Three Cups of Tea by Greg Mortenson, is a great account of Mortenson's experiences in Afghanistan. He got separated from his guide during a mountain climbing expedition and wound up, sick and lost, in a small town where the people wanted a school. What follows in the book seems to be his account of building that school and several others. When I read it the first time, I thought it should be required reading for the U.S. State Department as a primer on how to do business in that region. According to an article in the Wall Street Journal, General David Petraeus read the book and sought out Mortenson's advice on how the military can work with village elders and leaders. Mortenson is quoted as saying this is a positive move for the military.
One of the significant kernels of wisdom in Mortenson's book comes from the elder of that first village who told him never do business until you have shared three cups of tea with the people you want to do business with. It occurs to me that this is just plain good advice for a lot of situations.

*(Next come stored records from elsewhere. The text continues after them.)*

(* Let $R:\mathbb{C}^{N_s}\to\mathbb{R}$ be the function $$R(\boldsymbol{\theta})=\sum_{k=1}^K\omega_k\Big[\log\det(\sigma_0^2\mathbf{I}+\mathbf{H}_k(\boldsymbol{\theta})\bar{\mathbf{W}}\mathbf{H}_k(\boldsymbol{\theta})^{\mathsf H})-\log\det(\sigma_0^2\mathbf{I}+\mathbf{H}_k(\boldsymbol{\theta})\bar{\mathbf{W}}_k\mathbf{H}_k(\boldsymbol{\theta})^{\mathsf H})\Big],$$ where $\mathbf{H}_k(\boldsymbol{\theta})=\mathbf{D}_k+\mathbf{U}_k\mathrm{diag}(\boldsymbol{\theta})\mathbf{G}$, $\bar{\mathbf{W}}=\sum_{j}\mathbf{W}_j\mathbf{W}_j^{\mathsf H}$, $\bar{\mathbf{W}}_k=\sum_{j\neq k}\mathbf{W}_j\mathbf{W}_j^{\mathsf H}$ for fixed matrices $\mathbf{G}\in\mathbb{C}^{N_s\times N_t}$, $\mathbf{U}_k\in\mathbb{C}^{N_r\times N_s}$, $\mathbf{D}_k\in\mathbb{C}^{N_r\times N_t}$, $\mathbf{W}_k\in\mathbb{C}^{N_t\times N_d}$, $\sigma_0^2>0$ and weights $\omega_k$. Let $\mathcal{Q}=\{\boldsymbol{\theta}\in\mathbb{C}^{N_s}:|\theta_n|=1,\ n=1,\dots,N_s\}$, let $\Pi_{\mathcal{Q}}$ denote the projection onto $\mathcal{Q}$, let $\boldsymbol{\theta}^{(\ell)}\in\mathcal{Q}$, and let $\boldsymbol{\Xi}=\mathrm{diag}\big(1/|\nabla_{\boldsymbol{\theta}}R(\boldsymbol{\theta}^{(\ell)})|\big)$ (elementwise modulus and division). For a step size $\alpha>0$ set $\boldsymbol{\theta}(\alpha)=\Pi_{\mathcal{Q}}\big(\boldsymbol{\theta}^{(\ell)}+\alpha\boldsymbol{\Xi}\nabla_{\boldsymbol{\theta}}R(\boldsymbol{\theta}^{(\ell)})\big)$. Consider the backtracking line search that starts from an initial $\alpha=c>0$ and replaces $\alpha\leftarrow\eta\alpha$ (with fixed $0<\eta<1$) until $$R(\boldsymbol{\theta}(\alpha))\ge R(\boldsymbol{\theta}^{(\ell)})+\frac{\beta}{2N_s}\|\boldsymbol{\theta}(\alpha)-\boldsymbol{\theta}^{(\ell)}\|^2,$$ where $\beta>0$ is sufficiently small. Then this line search terminates after a finite number of steps, for any positive initial step size $c$.
   Context: The complex-valued gradient is $\nabla_{\boldsymbol{\theta}}R=\frac12\big(\frac{\partial R}{\partial\Re\{\boldsymbol{\theta}\}}+j\frac{\partial R}{\partial\Im\{\boldsymbol{\theta}\}}\big)$; $\mathrm{diag}(\mathbf{x})$ is the diagonal matrix with diagonal $\mathbf{x}$; $\|\cdot\|$ is the Euclidean norm; $\log$ is the natural logarithm. The procedure is the scaled projected gradient step for the RIS phase shifts $\boldsymbol{\theta}$ (unit-modulus constraint) in weighted sum-rate maximization for an RIS-aided downlink multiuser MIMO system with fixed precoders $\mathbf{W}_k$. *)

theory Defs
  imports "HOL-Analysis.Analysis"
begin

definition herm :: "complex^'c^'r \<Rightarrow> complex^'r^'c" where
  "herm A = (\<chi> i j. cnj (A $ j $ i))"

definition diagm :: "complex^'n \<Rightarrow> complex^'n^'n" where
  "diagm x = (\<chi> i j. if i = j then x $ i else 0)"

definition idm :: "complex^'n^'n" where
  "idm = (\<chi> i j. if i = j then 1 else 0)"

definition chan :: "complex^'t^'r \<Rightarrow> complex^'s^'r \<Rightarrow> complex^'t^'s \<Rightarrow> complex^'s \<Rightarrow> complex^'t^'r" where
  "chan D U G \<theta> = D + U ** diagm \<theta> ** G"

text \<open>Natural log of the determinant of a matrix (applied only to Hermitian positive
  definite matrices, whose determinant is real and positive).\<close>
definition logdet :: "complex^'n^'n \<Rightarrow> real" where
  "logdet M = ln (Re (det M))"

definition WSR :: "('k::finite \<Rightarrow> real) \<Rightarrow> real \<Rightarrow> ('k \<Rightarrow> complex^'t^'r)
   \<Rightarrow> ('k \<Rightarrow> complex^'s^'r) \<Rightarrow> complex^'t^'s \<Rightarrow> ('k \<Rightarrow> complex^'d^'t) \<Rightarrow> complex^'s \<Rightarrow> real" where
  "WSR \<omega> \<sigma>0 D U G W \<theta> =
     (\<Sum>k\<in>UNIV. \<omega> k *
        (logdet ((\<sigma>0^2) *\<^sub>R idm
                 + chan (D k) (U k) G \<theta> ** (\<Sum>j\<in>UNIV. W j ** herm (W j)) ** herm (chan (D k) (U k) G \<theta>))
       - logdet ((\<sigma>0^2) *\<^sub>R idm
                 + chan (D k) (U k) G \<theta> ** (\<Sum>j\<in>UNIV - {k}. W j ** herm (W j)) ** herm (chan (D k) (U k) G \<theta>))))"

text \<open>Complex-valued (Wirtinger-type) gradient:
  grad f theta \$ n = 1/2 (dR/dRe theta_n + j dR/dIm theta_n).\<close>
definition cgrad :: "(complex^'n \<Rightarrow> real) \<Rightarrow> complex^'n \<Rightarrow> complex^'n" where
  "cgrad f \<theta> = (\<chi> n. (1/2) * (complex_of_real (deriv (\<lambda>t. f (\<theta> + (complex_of_real t) *s axis n 1)) 0)
                      + \<i> * complex_of_real (deriv (\<lambda>t. f (\<theta> + (\<i> * complex_of_real t) *s axis n 1)) 0)))"

definition unitmod :: "(complex^'n) set" where
  "unitmod = {\<theta>. \<forall>n. cmod (\<theta> $ n) = 1}"

text \<open>Projection onto Q: any selection of nearest points of Q.\<close>
definition is_proj_Q :: "(complex^'n \<Rightarrow> complex^'n) \<Rightarrow> bool" where
  "is_proj_Q P \<longleftrightarrow> (\<forall>x. P x \<in> unitmod \<and> (\<forall>q\<in>unitmod. norm (x - P x) \<le> norm (x - q)))"

definition Xi :: "complex^'n \<Rightarrow> complex^'n^'n" where
  "Xi g = diagm (\<chi> n. complex_of_real (1 / cmod (g $ n)))"

end

theory Submission
  imports Defs
begin

text \<open>Each \<open>logdet\<close> in \<open>R\<close> is taken of \<open>\<sigma>\<^sup>2 I + N\<close> with \<open>N\<close> Hermitian positive
  semidefinite, whose determinant is real and positive, so \<open>R\<close> is differentiable and its
  derivative at \<open>\<theta>\<close> is \<open>v \<mapsto> \<Sum>\<^sub>n 2 Re (cnj g\<^sub>n v\<^sub>n)\<close> with \<open>g\<close> the Wirtinger gradient.
  The scaled step moves \<open>\<theta>\<^sub>n\<close> to \<open>\<theta>\<^sub>n (1 + \<alpha> w\<^sub>n)\<close> with \<open>w\<^sub>n = sgn g\<^sub>n cnj \<theta>\<^sub>n\<close>, and the
  projection merely renormalises each coordinate. An elementary estimate on
  \<open>sgn (1 + \<alpha> w) - 1\<close> shows that the displacement \<open>d\<close> has size \<open>O(\<alpha>)\<close> and first-order gain
  at least \<open>\<kappa> \<parallel>d\<parallel>\<close> for a fixed \<open>\<kappa> > 0\<close>. For small \<open>\<alpha>\<close> this gain dominates both the
  linearisation error and the penalty \<open>\<beta> \<parallel>d\<parallel>\<^sup>2\<close>; hence in fact every \<open>\<beta> > 0\<close> is admissible,
  and the search stops as soon as \<open>c \<eta>\<^sup>m\<close> is small enough.\<close>

subsection \<open>Differentiability of matrix expressions\<close>

lemma (in bounded_linear) differentiable_compose:
  "g differentiable F \<Longrightarrow> (\<lambda>x. f (g x)) differentiable F"
  using has_derivative unfolding differentiable_def by blast

lemma bounded_linear_axis: "bounded_linear (axis i :: 'a::real_normed_vector \<Rightarrow> 'a^'n)"
proof (rule bounded_linear_intro[where K=1])
  show "norm (axis i x) \<le> norm x * 1" for x :: 'a
  proof -
    have "(\<Sum>j\<in>UNIV. (norm (axis i x $ j))\<^sup>2) = (\<Sum>j\<in>UNIV. if j = i then (norm x)\<^sup>2 else 0)"
      by (intro sum.cong) (auto simp: axis_def)
    then show ?thesis by (simp add: norm_vec_def L2_set_def)
  qed
qed (simp_all add: axis_def vec_eq_iff)

lemma differentiable_vec_lambda:
  assumes "\<And>i. (\<lambda>x. f x i) differentiable F"
  shows "(\<lambda>x. \<chi> i. f x i) differentiable F"
proof -
  have "(\<chi> i. f x i) = (\<Sum>i\<in>UNIV. axis i (f x i))" for x
    by (simp add: vec_eq_iff axis_def sum_component if_distrib cong: if_cong)
  moreover have "(\<lambda>x. \<Sum>i\<in>UNIV. axis i (f x i)) differentiable F"
    by (intro differentiable_sum ballI finite bounded_linear.differentiable_compose[OF bounded_linear_axis] assms)
  ultimately show ?thesis by simp
qed

lemma differentiable_vec_nth: "f differentiable F \<Longrightarrow> (\<lambda>x. f x $ i) differentiable F"
  by (rule bounded_linear.differentiable_compose[OF bounded_linear_vec_nth])

lemma differentiable_prod:
  fixes f :: "'i \<Rightarrow> 'a::real_normed_vector \<Rightarrow> 'b::real_normed_field"
  assumes "\<And>i. i \<in> I \<Longrightarrow> f i differentiable (at x)"
  shows "(\<lambda>x. \<Prod>i\<in>I. f i x) differentiable (at x)"
proof -
  obtain D where "\<And>i. i \<in> I \<Longrightarrow> (f i has_derivative D i) (at x)"
    using assms unfolding differentiable_def by metis
  then show ?thesis
    unfolding differentiable_def by (blast intro: has_derivative_prod)
qed

lemma differentiable_matrix_mult:
  fixes f :: "'a::real_normed_vector \<Rightarrow> complex^'m^'n" and g :: "'a \<Rightarrow> complex^'p^'m"
  assumes "f differentiable (at x)" "g differentiable (at x)"
  shows "(\<lambda>x. f x ** g x) differentiable (at x)"
  unfolding matrix_matrix_mult_def
  by (intro differentiable_vec_lambda differentiable_sum ballI differentiable_mult
      differentiable_vec_nth assms finite)

lemma differentiable_herm:
  "f differentiable F \<Longrightarrow> (\<lambda>x. herm (f x)) differentiable F"
  unfolding herm_def
  by (intro differentiable_vec_lambda bounded_linear.differentiable_compose[OF bounded_linear_cnj]
      differentiable_vec_nth)

lemma differentiable_det:
  fixes f :: "'a::real_normed_vector \<Rightarrow> complex^'n^'n"
  assumes "f differentiable (at x)"
  shows "(\<lambda>x. det (f x)) differentiable (at x)"
  unfolding det_def
  by (intro differentiable_sum ballI differentiable_mult differentiable_prod differentiable_vec_nth
      assms finite differentiable_const)

lemma differentiable_logdet:
  fixes f :: "'a::real_normed_vector \<Rightarrow> complex^'n^'n"
  assumes "f differentiable (at x)" and "Re (det (f x)) > 0"
  shows "(\<lambda>x. logdet (f x)) differentiable (at x)"
proof -
  have "(\<lambda>x. Re (det (f x))) differentiable (at x)"
    by (rule bounded_linear.differentiable_compose[OF bounded_linear_Re differentiable_det[OF assms(1)]])
  moreover have "ln differentiable (at (Re (det (f x))))"
    using DERIV_ln[OF assms(2)] by (auto simp: differentiable_def has_field_derivative_def)
  ultimately show ?thesis
    unfolding logdet_def by (rule differentiable_compose[of ln, rotated])
qed

lemma differentiable_chan: "chan D U G differentiable (at x)"
proof -
  have "diagm differentiable (at x)"
    unfolding diagm_def
  proof (intro differentiable_vec_lambda)
    show "(\<lambda>\<theta>. if i = j then \<theta> $ i else 0) differentiable (at x)" for i j
      by (cases "i = j") (simp_all add: differentiable_vec_nth)
  qed
  then show ?thesis
    unfolding chan_def[abs_def]
    by (intro differentiable_add differentiable_const differentiable_matrix_mult)
qed

subsection \<open>Hermitian positive semidefinite matrices\<close>

definition hinner :: "complex^'n \<Rightarrow> complex^'n \<Rightarrow> complex" where
  "hinner x y = (\<Sum>i\<in>UNIV. cnj (x $ i) * y $ i)"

I've been a bit immersed in an adult education offering for my church that offers participants experience discussing political positions in an environment of civility. As we share those things that have formed our values, political and religious, we become friends and develop respect for each other and the many things that contribute to our opinions. I've gone to church with some of these people for about seven years now, been in Bible studies with them, sung in choir with them, even attended potlucks with them, but I never understood them or appreciated them so much as I do now having heard about their grandparents, learning the core values their parents taught them, getting at the root of what has formed and informed their views. We have commonalities we would have never known had we not shared our earliest memories of right and wrong. The class has been one version of sharing the three cups of tea.

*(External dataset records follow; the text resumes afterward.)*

lemma opnormS_le:
  fixes T :: "real^'n^'n \<Rightarrow> real^'n^'n"
  assumes bound: "\<And>H. H \<in> Sym \<Longrightarrow> norm (T H) \<le> c * norm H" and "0 \<le> c"
  shows "opnormS T \<le> c" and opnormS_nonneg: "0 \<le> opnormS T"
proof -
  have ratio: "norm (T H) / norm H \<le> c" if "H \<in> Sym" for H
    using bound[OF that] \<open>0 \<le> c\<close> by (cases "H = 0") (auto simp: divide_le_eq mult.commute)
  have "0 \<in> Sym"
    by (rule subspace_0[OF subspace_Sym])
  then show "opnormS T \<le> c"
    unfolding opnormS_def by (intro cSUP_least ratio) auto
  have "bdd_above ((\<lambda>H. norm (T H) / norm H) ` Sym)"
    using ratio by (intro bdd_aboveI2[where M=c])
  with \<open>0 \<in> Sym\<close> show "0 \<le> opnormS T"
    unfolding opnormS_def by (intro cSUP_upper2) auto
qed

lemma Mop_eq_douglas_rachford: "Mop A Q lam = douglas_rachford (Pop A) (Dop Q lam)"
  by (simp add: fun_eq_iff Mop_def Dperp_def Pperp_def douglas_rachford_def)

lemma Mop_Sym:
  assumes "\<And>i. A i \<in> Sym" and "H \<in> Sym"
  shows "Mop A Q lam H \<in> Sym"
  unfolding Mop_eq_douglas_rachford douglas_rachford_def
  by (intro subspace_add[OF subspace_Sym] subspace_diff[OF subspace_Sym] Pop_Sym Dop_Sym assms)

context
  fixes A :: "'m::finite \<Rightarrow> real^'n^'n"
  assumes A_sym: "\<And>i. A i \<in> Sym" and A_surj: "Aop A ` Sym = UNIV"
begin

lemma Mop_linear: "linear (Mop A Q lam)"
  unfolding Mop_eq_douglas_rachford
  by (intro linear_douglas_rachford orthogonal_projector_linear orthogonal_projector_Pop
      A_sym A_surj Dop_linear)

lemma Mop_firm:
  assumes "orthogonal_matrix Q"
  shows "(norm (Mop A Q lam H))\<^sup>2 \<le> Mop A Q lam H \<bullet> H"
  unfolding Mop_eq_douglas_rachford
  by (intro douglas_rachford_firm orthogonal_projector_Pop A_sym A_surj Dop_firm assms)

lemma Mop_fixed_iff:
  assumes Q_orth: "orthogonal_matrix Q" and lam: "\<And>i. lam i \<noteq> 0" and H: "H \<in> Sym"
  defines "K \<equiv> transpose Q ** H ** Q"
  shows "Mop A Q lam H = H \<longleftrightarrow>
    blkO_zero lam K
    \<and> Aop A (Q ** blkX lam K ** transpose Q) = 0
    \<and> (\<exists>y. Q ** blkS lam K ** transpose Q = Astar A y)"
proof -
  note P = orthogonal_projector_Pop[OF A_sym A_surj]
  have K: "transpose K = K"
    using H by (simp add: K_def Sym_def matrix_transpose_mul matrix_mul_assoc)
  have HK: "H = Q ** K ** transpose Q"
    unfolding K_def by (rule orthogonal_matrix_conj_conj'[OF Q_orth, symmetric])
  have DK: "Dop Q lam H = Q ** hadamard (Omega lam) K ** transpose Q"
    by (simp add: Dop_def K_def)
  have blocks: "Dop Q lam H = Q ** blkX lam K ** transpose Q"
    "H = Q ** blkX lam K ** transpose Q + Q ** blkS lam K ** transpose Q"
    if "blkO_zero lam K"
  proof -
    show "Dop Q lam H = Q ** blkX lam K ** transpose Q"
      by (simp only: DK hadamard_Omega_blkO_zero[OF that K])
    have "H = Q ** (blkX lam K + blkS lam K) ** transpose Q"
      using HK arg_cong[OF blocks_decompose[OF that K lam], of "\<lambda>K. Q ** K ** transpose Q"] by simp
    then show "H = Q ** blkX lam K ** transpose Q + Q ** blkS lam K ** transpose Q"
      by (simp add: linear_add[OF linear_matrix_conj])
  qed
  have "blkO_zero lam K" if fixed: "Mop A Q lam H = H"
  proof (rule blkO_zero_if_norm_reflection_eq)
    have "Q ** (2 *\<^sub>R hadamard (Omega lam) K - K) ** transpose Q
        = 2 *\<^sub>R (Q ** hadamard (Omega lam) K ** transpose Q) - Q ** K ** transpose Q"
      by (simp add: linear_diff[OF linear_matrix_conj] linear_scale[OF linear_matrix_conj])
    also have "\<dots> = 2 *\<^sub>R Dop Q lam H - H"
      unfolding DK HK[symmetric] ..
    finally have reflection: "Q ** (2 *\<^sub>R hadamard (Omega lam) K - K) ** transpose Q
        = 2 *\<^sub>R Dop Q lam H - H" .
    have "norm (2 *\<^sub>R hadamard (Omega lam) K - K)
        = norm (Q ** (2 *\<^sub>R hadamard (Omega lam) K - K) ** transpose Q)"
      by (rule norm_orthogonal_matrix_conj[OF Q_orth, symmetric])
    also have "\<dots> = norm H"
      unfolding reflection
      by (rule douglas_rachford_fixed_norm_reflection[OF P fixed[unfolded Mop_eq_douglas_rachford]])
    also have "\<dots> = norm K"
      unfolding HK by (rule norm_orthogonal_matrix_conj[OF Q_orth])
    finally show "norm (2 *\<^sub>R hadamard (Omega lam) K - K) = norm K" .
  qed
  moreover have "Mop A Q lam H = H \<longleftrightarrow>
      Aop A (Q ** blkX lam K ** transpose Q) = 0 \<and> (\<exists>y. Q ** blkS lam K ** transpose Q = Astar A y)"
    if "blkO_zero lam K"
    unfolding Mop_eq_douglas_rachford Pop_eq_0_iff[OF A_sym A_surj, symmetric]
      Pop_eq_self_iff[OF A_sym A_surj, symmetric]
    by (rule douglas_rachford_fixed_iff[where D = "Dop Q lam", OF P blocks[OF that]])
  ultimately show ?thesis
    by blast
qed

end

I spend a week each September with people who consult in organizational development and project management and such. We spend our mornings in sessions sharing our professional expertise and knowledge. I respect these people as international experts in their fields because of what I hear from them in the sessions. In the afternoons, we hike, bike, play scrabble in the lobby or just veg out in the lobby with our books and knitting and conversation. One night we make pizza together, taught by one of us who honed his skills in culinary school and whose sideline hobby is consulting for pizza restaurants. Two of our number travel the country indulging their hobby of pyrotechnics. They taught us to make sparklers. Our pizza expert also seeks to break records for bubbles -- the largest, the longest lasting, etc. He's taught us the secret formula for bubble solution and, most mornings, we wake up to huge bubbles floating over the parking lot of our hotel. I respect these people, as I said, for their professional knowledge, but it is in the sharing of the other things, the games, the bubbles, the communal meals, that I build my trust and personal respect for these people. I recommend them to my clients, not so much because of that professional expertise though they are among the best in their fields in the world, but because of the trust built in the afternoons and evenings. Those are the "cups of tea" that make such a difference.
I'm thinking I want to drink more tea, build more personal trust with those around me. How about you?